__What the task requires__: Below are some records; output exactly the lines from the line with "unfolding dominant_def weights_def by auto" to the line with "dominant_outside_nodes by fastforce", both ends kept, and nothing more.

== Information given

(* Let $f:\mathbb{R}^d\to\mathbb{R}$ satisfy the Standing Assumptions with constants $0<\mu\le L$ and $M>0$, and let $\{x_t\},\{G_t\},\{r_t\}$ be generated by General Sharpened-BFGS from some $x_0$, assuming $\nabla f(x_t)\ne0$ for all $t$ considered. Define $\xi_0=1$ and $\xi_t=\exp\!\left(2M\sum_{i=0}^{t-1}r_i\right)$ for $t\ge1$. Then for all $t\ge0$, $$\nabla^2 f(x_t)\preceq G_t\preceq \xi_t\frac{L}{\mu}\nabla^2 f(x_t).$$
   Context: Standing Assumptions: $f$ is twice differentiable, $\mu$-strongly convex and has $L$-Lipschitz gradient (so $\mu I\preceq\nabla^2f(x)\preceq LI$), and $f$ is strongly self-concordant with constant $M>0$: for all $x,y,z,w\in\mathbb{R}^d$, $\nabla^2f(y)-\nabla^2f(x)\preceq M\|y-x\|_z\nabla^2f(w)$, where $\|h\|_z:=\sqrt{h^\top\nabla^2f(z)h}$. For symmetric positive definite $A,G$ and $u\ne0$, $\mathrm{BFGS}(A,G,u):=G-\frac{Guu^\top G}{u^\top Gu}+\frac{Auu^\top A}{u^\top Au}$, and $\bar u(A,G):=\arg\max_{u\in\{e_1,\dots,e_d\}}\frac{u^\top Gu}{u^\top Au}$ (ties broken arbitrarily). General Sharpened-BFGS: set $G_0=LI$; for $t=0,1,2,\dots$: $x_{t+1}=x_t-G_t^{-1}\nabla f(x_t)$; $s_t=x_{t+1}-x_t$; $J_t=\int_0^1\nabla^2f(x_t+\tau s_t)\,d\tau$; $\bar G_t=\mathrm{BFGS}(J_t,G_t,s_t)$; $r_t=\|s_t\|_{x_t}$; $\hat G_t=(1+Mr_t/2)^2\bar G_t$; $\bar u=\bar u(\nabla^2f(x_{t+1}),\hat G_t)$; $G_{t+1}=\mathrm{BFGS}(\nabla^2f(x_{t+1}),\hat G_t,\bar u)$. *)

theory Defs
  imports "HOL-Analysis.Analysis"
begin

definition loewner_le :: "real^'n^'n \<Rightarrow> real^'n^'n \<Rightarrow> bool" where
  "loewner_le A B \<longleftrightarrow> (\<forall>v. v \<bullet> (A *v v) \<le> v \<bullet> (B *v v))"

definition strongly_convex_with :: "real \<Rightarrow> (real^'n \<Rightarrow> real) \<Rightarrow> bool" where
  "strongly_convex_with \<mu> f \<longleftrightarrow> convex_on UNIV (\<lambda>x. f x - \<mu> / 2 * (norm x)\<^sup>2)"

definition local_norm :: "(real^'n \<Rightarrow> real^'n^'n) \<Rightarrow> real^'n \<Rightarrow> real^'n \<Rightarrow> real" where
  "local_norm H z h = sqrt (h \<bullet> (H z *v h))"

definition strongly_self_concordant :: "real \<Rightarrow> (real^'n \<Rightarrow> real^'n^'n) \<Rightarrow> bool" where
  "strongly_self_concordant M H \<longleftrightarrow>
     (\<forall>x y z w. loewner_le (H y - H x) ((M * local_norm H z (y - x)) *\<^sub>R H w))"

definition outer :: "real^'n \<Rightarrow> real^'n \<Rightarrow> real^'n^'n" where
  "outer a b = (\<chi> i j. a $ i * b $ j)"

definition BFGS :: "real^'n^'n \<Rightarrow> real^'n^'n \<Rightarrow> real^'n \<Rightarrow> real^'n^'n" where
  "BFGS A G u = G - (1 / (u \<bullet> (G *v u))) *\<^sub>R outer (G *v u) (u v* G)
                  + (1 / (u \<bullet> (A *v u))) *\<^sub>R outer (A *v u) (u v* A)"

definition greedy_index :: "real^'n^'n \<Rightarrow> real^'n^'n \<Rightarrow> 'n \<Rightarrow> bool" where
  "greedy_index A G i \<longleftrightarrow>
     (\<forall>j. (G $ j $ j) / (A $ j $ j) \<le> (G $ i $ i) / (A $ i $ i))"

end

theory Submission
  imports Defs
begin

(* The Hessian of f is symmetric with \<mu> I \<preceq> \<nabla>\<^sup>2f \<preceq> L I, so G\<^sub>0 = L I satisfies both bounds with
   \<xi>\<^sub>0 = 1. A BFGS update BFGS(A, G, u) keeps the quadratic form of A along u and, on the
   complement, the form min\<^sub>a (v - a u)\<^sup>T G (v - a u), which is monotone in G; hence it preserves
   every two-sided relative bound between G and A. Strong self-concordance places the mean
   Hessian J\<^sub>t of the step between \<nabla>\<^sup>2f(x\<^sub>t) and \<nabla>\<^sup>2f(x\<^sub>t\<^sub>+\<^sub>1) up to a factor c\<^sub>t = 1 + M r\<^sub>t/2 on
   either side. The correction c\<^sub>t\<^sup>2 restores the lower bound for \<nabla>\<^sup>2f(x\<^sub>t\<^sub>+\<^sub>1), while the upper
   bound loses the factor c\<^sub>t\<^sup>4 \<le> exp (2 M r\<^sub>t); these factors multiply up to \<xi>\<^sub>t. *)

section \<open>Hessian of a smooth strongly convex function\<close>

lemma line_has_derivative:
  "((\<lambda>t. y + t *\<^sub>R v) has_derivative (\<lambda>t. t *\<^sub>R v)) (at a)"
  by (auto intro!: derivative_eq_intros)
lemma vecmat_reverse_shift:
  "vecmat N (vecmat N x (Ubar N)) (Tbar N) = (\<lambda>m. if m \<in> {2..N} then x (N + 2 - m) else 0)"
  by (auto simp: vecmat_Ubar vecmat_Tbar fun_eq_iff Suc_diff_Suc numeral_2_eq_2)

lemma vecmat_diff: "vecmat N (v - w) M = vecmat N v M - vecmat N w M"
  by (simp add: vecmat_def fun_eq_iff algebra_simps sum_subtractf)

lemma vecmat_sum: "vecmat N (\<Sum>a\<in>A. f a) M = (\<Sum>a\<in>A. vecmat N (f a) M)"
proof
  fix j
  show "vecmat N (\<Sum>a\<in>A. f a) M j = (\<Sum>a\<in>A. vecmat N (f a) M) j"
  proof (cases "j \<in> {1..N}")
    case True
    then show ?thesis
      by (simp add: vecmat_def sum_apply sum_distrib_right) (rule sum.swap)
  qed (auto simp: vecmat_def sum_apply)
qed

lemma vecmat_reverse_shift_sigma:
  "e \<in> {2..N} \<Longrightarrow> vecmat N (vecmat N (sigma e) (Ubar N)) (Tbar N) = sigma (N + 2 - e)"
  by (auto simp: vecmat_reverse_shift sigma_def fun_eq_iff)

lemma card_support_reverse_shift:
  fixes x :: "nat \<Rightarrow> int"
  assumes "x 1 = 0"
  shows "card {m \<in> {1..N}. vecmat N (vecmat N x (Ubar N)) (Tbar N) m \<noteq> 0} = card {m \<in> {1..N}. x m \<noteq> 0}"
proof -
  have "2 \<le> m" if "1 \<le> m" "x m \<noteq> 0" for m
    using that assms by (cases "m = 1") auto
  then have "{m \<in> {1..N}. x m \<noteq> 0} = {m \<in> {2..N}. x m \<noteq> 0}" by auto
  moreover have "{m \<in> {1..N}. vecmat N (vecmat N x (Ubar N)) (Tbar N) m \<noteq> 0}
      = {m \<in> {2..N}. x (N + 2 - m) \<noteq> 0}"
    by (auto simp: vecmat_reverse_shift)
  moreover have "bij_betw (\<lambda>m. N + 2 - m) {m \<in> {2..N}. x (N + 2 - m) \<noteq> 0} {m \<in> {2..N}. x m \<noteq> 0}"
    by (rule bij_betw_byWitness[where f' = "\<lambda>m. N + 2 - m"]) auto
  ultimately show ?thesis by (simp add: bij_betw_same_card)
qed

====
== Information given

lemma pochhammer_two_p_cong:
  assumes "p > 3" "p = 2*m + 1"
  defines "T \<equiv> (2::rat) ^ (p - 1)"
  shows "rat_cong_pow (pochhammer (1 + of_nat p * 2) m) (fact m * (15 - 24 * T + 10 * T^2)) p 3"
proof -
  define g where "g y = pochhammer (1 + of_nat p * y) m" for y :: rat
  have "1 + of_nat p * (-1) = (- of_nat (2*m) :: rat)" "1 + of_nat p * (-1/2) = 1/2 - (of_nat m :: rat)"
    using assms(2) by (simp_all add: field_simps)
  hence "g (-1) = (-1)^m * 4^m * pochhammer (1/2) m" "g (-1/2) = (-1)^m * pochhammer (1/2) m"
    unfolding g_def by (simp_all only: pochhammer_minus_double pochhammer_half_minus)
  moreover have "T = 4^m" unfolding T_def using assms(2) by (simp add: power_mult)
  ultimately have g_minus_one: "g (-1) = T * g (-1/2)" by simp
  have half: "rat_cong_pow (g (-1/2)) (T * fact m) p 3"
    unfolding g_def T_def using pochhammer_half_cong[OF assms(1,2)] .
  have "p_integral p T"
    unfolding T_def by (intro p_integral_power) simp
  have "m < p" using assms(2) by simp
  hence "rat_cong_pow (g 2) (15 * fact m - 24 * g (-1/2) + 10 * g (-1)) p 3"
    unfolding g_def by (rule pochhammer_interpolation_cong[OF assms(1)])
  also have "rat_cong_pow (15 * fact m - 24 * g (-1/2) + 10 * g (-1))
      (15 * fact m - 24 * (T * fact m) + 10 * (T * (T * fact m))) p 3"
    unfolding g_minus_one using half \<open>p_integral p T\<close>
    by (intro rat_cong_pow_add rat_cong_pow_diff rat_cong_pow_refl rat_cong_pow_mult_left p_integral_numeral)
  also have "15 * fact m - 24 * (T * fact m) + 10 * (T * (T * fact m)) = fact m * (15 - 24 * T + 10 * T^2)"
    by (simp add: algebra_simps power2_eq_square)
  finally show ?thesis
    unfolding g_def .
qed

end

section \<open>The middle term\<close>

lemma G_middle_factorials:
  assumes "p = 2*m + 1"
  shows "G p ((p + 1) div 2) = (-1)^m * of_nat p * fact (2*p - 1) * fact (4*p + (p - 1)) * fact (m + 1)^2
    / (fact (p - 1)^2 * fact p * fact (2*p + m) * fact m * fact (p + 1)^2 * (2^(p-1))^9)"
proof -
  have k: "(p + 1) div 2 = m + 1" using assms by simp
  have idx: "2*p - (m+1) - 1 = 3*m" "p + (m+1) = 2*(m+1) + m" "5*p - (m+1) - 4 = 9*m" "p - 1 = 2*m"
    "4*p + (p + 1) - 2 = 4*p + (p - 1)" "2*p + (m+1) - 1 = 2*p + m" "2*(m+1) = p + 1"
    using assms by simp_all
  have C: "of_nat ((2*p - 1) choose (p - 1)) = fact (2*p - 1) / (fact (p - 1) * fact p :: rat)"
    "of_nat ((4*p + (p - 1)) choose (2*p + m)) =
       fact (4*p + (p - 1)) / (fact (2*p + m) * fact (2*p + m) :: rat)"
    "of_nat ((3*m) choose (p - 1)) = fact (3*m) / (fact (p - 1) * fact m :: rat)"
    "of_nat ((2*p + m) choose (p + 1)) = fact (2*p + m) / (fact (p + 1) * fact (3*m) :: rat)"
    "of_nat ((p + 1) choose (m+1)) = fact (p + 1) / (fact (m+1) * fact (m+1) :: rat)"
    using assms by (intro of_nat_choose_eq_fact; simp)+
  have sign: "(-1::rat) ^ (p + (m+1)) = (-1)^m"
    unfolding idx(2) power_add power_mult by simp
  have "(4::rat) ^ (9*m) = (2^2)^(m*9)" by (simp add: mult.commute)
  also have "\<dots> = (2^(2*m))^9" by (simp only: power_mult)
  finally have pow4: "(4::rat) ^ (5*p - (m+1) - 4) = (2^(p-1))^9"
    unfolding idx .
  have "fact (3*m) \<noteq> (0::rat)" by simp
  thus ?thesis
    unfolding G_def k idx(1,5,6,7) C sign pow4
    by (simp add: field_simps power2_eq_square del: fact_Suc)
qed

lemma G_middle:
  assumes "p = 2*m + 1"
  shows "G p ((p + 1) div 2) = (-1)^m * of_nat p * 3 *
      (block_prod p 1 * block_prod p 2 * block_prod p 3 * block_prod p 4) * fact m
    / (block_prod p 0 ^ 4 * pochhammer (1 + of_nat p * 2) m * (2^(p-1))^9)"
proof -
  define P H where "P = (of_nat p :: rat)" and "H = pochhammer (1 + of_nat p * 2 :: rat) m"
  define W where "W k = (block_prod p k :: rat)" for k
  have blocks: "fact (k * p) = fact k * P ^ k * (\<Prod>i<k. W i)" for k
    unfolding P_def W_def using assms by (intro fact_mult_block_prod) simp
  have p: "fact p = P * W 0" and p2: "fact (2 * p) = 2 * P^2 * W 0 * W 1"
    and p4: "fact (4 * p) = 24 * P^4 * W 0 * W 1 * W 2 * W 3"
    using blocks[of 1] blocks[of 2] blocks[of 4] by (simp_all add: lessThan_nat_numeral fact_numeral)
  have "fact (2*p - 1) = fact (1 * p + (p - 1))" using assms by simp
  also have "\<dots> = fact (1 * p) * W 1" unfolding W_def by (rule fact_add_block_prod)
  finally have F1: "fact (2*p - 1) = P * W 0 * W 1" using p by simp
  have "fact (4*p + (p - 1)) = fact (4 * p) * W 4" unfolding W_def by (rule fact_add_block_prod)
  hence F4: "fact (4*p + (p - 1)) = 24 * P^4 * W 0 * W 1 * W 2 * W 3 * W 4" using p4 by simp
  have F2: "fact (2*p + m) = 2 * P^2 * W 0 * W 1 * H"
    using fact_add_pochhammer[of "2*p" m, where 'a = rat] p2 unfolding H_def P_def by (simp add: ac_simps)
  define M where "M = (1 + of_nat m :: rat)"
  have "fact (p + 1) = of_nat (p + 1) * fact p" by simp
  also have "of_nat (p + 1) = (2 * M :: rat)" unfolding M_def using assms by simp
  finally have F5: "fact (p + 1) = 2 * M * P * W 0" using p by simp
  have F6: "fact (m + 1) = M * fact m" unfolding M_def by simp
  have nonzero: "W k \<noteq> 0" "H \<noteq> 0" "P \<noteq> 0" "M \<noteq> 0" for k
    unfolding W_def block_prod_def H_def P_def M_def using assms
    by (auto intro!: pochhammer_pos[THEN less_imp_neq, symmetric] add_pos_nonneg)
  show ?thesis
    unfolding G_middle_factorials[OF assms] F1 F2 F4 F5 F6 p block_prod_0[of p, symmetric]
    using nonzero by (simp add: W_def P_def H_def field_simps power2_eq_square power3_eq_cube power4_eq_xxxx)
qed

====
== Information given

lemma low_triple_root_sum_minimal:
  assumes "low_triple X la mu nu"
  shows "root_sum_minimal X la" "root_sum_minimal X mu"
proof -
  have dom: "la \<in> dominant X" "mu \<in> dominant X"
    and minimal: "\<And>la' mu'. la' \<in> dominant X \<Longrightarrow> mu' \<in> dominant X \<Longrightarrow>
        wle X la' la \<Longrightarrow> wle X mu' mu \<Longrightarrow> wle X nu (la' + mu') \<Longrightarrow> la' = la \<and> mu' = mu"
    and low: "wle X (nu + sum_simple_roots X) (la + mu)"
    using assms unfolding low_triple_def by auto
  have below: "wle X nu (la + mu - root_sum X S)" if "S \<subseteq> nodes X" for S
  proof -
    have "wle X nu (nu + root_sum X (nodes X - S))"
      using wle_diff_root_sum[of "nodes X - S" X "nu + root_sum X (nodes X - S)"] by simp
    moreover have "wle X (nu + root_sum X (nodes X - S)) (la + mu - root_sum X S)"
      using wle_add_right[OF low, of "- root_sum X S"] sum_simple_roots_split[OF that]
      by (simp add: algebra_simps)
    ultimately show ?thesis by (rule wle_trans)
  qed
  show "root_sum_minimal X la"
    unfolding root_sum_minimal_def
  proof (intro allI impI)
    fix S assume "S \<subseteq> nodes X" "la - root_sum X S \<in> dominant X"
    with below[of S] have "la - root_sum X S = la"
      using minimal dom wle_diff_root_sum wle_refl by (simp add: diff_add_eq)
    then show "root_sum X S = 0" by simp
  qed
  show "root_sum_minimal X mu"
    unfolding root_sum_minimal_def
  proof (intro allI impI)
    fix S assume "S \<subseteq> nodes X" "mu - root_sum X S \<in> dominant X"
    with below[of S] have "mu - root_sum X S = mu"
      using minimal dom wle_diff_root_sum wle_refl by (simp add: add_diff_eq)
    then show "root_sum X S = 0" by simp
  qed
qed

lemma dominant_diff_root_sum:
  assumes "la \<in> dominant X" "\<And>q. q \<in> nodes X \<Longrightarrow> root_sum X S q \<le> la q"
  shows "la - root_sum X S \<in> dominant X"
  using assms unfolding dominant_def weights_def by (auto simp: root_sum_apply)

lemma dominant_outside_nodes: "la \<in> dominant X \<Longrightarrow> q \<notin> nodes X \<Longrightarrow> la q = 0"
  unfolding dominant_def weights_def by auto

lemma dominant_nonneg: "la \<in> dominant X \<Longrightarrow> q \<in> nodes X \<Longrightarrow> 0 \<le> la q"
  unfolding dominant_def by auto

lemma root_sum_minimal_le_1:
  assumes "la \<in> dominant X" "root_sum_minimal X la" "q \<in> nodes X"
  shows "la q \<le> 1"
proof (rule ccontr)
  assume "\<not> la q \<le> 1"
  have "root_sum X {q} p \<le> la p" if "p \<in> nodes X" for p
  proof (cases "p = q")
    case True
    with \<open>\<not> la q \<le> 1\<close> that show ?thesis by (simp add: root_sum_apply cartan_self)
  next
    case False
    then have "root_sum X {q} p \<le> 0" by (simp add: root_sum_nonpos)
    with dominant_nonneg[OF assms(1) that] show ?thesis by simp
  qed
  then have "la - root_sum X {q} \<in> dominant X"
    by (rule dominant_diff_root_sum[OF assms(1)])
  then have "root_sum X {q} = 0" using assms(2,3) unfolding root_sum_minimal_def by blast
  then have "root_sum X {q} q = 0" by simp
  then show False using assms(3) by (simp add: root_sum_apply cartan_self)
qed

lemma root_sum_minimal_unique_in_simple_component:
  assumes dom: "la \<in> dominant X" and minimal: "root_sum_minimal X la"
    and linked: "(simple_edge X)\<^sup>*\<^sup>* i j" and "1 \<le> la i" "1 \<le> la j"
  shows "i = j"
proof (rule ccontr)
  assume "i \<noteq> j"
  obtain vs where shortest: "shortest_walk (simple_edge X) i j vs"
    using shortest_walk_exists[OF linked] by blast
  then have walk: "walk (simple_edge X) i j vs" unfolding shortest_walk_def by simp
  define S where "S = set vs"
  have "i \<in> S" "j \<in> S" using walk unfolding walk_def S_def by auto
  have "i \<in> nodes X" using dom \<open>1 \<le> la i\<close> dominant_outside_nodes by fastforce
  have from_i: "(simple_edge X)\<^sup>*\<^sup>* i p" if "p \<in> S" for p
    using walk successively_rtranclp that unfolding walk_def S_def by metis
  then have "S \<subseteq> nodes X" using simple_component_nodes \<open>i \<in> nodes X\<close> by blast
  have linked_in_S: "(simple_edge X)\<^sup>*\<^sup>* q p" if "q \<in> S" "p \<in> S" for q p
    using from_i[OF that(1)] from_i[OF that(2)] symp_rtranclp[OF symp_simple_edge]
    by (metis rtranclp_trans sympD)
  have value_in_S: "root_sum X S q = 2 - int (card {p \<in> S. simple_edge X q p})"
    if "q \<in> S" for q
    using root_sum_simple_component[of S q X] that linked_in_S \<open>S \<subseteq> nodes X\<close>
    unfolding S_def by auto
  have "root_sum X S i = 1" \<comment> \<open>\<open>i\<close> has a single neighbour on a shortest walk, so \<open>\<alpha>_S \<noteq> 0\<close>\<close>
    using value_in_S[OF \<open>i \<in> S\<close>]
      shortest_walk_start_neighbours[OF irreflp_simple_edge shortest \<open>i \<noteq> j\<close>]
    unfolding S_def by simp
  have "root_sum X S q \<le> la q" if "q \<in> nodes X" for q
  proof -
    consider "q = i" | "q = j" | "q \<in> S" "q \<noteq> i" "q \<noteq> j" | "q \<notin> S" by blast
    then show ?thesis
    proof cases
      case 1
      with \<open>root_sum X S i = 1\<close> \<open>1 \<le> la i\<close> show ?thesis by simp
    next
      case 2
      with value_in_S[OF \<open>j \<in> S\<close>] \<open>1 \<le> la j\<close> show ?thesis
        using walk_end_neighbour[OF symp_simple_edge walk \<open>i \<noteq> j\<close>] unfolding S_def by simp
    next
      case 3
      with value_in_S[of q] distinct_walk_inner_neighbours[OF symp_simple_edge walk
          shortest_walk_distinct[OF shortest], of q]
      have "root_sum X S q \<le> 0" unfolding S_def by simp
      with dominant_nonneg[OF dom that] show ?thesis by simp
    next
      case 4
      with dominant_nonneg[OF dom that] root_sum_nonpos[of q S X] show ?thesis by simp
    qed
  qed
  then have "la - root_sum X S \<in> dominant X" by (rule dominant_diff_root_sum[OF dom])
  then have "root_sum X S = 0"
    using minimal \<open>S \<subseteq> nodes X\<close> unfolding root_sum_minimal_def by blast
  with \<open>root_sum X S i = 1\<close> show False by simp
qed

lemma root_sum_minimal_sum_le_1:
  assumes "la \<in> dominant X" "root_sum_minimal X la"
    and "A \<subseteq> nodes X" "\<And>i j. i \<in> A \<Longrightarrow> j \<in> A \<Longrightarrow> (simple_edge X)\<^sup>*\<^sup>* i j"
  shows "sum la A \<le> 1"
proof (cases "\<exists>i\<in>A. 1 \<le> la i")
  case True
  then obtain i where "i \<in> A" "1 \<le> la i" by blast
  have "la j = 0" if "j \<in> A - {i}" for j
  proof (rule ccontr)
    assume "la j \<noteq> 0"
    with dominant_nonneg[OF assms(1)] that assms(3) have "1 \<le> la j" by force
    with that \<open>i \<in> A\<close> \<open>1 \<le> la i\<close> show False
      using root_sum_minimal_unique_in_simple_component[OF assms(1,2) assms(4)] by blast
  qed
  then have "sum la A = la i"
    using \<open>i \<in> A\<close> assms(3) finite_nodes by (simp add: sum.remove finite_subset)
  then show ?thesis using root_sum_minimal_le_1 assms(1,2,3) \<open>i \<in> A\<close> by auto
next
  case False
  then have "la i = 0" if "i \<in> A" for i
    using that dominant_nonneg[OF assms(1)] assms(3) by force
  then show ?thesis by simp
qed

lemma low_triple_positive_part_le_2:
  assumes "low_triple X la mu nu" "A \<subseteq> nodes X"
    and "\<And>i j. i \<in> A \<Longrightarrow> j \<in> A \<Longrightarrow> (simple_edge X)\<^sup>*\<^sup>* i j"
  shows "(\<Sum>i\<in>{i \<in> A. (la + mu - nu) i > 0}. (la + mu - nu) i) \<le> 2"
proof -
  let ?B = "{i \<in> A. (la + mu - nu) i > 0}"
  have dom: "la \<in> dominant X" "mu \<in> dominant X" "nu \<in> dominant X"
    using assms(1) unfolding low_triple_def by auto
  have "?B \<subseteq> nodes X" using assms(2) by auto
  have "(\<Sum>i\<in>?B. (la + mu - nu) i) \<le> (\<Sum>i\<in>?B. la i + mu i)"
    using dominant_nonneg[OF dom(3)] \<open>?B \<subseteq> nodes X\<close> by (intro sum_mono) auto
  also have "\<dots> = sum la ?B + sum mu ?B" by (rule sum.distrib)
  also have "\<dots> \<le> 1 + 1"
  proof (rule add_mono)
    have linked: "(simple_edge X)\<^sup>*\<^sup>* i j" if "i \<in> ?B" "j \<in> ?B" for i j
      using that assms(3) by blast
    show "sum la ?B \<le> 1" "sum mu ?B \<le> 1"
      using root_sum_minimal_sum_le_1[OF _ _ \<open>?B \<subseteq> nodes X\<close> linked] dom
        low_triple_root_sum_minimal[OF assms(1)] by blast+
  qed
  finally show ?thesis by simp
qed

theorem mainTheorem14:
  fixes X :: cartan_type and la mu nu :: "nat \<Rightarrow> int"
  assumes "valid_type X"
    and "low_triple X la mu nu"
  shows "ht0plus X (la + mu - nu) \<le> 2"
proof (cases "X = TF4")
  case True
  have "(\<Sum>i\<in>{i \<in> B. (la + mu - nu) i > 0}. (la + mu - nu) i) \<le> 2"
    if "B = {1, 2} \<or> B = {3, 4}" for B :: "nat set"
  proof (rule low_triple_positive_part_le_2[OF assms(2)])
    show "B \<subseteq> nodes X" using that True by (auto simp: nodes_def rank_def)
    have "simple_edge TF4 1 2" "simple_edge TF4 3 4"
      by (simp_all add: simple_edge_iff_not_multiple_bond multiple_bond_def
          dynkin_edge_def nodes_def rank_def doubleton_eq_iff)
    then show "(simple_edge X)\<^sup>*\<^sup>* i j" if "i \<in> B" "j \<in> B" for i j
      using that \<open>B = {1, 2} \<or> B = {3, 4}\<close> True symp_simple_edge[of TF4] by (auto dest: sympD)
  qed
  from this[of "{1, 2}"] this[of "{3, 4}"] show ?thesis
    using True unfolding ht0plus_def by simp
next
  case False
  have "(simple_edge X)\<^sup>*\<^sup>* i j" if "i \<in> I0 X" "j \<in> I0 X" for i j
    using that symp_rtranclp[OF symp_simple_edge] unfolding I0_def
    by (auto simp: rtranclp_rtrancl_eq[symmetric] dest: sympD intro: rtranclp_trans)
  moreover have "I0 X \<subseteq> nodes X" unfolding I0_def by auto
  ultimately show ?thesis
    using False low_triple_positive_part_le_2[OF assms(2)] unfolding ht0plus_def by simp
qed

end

====

__Answer to this exercise__:
  unfolding dominant_def weights_def by auto

lemma dominant_nonneg: "la \<in> dominant X \<Longrightarrow> q \<in> nodes X \<Longrightarrow> 0 \<le> la q"
  unfolding dominant_def by auto

lemma root_sum_minimal_le_1:
  assumes "la \<in> dominant X" "root_sum_minimal X la" "q \<in> nodes X"
  shows "la q \<le> 1"
proof (rule ccontr)
  assume "\<not> la q \<le> 1"
  have "root_sum X {q} p \<le> la p" if "p \<in> nodes X" for p
  proof (cases "p = q")
    case True
    with \<open>\<not> la q \<le> 1\<close> that show ?thesis by (simp add: root_sum_apply cartan_self)
  next
    case False
    then have "root_sum X {q} p \<le> 0" by (simp add: root_sum_nonpos)
    with dominant_nonneg[OF assms(1) that] show ?thesis by simp
  qed
  then have "la - root_sum X {q} \<in> dominant X"
    by (rule dominant_diff_root_sum[OF assms(1)])
  then have "root_sum X {q} = 0" using assms(2,3) unfolding root_sum_minimal_def by blast
  then have "root_sum X {q} q = 0" by simp
  then show False using assms(3) by (simp add: root_sum_apply cartan_self)
qed

lemma root_sum_minimal_unique_in_simple_component:
  assumes dom: "la \<in> dominant X" and minimal: "root_sum_minimal X la"
    and linked: "(simple_edge X)\<^sup>*\<^sup>* i j" and "1 \<le> la i" "1 \<le> la j"
  shows "i = j"
proof (rule ccontr)
  assume "i \<noteq> j"
  obtain vs where shortest: "shortest_walk (simple_edge X) i j vs"
    using shortest_walk_exists[OF linked] by blast
  then have walk: "walk (simple_edge X) i j vs" unfolding shortest_walk_def by simp
  define S where "S = set vs"
  have "i \<in> S" "j \<in> S" using walk unfolding walk_def S_def by auto
  have "i \<in> nodes X" using dom \<open>1 \<le> la i\<close> dominant_outside_nodes by fastforce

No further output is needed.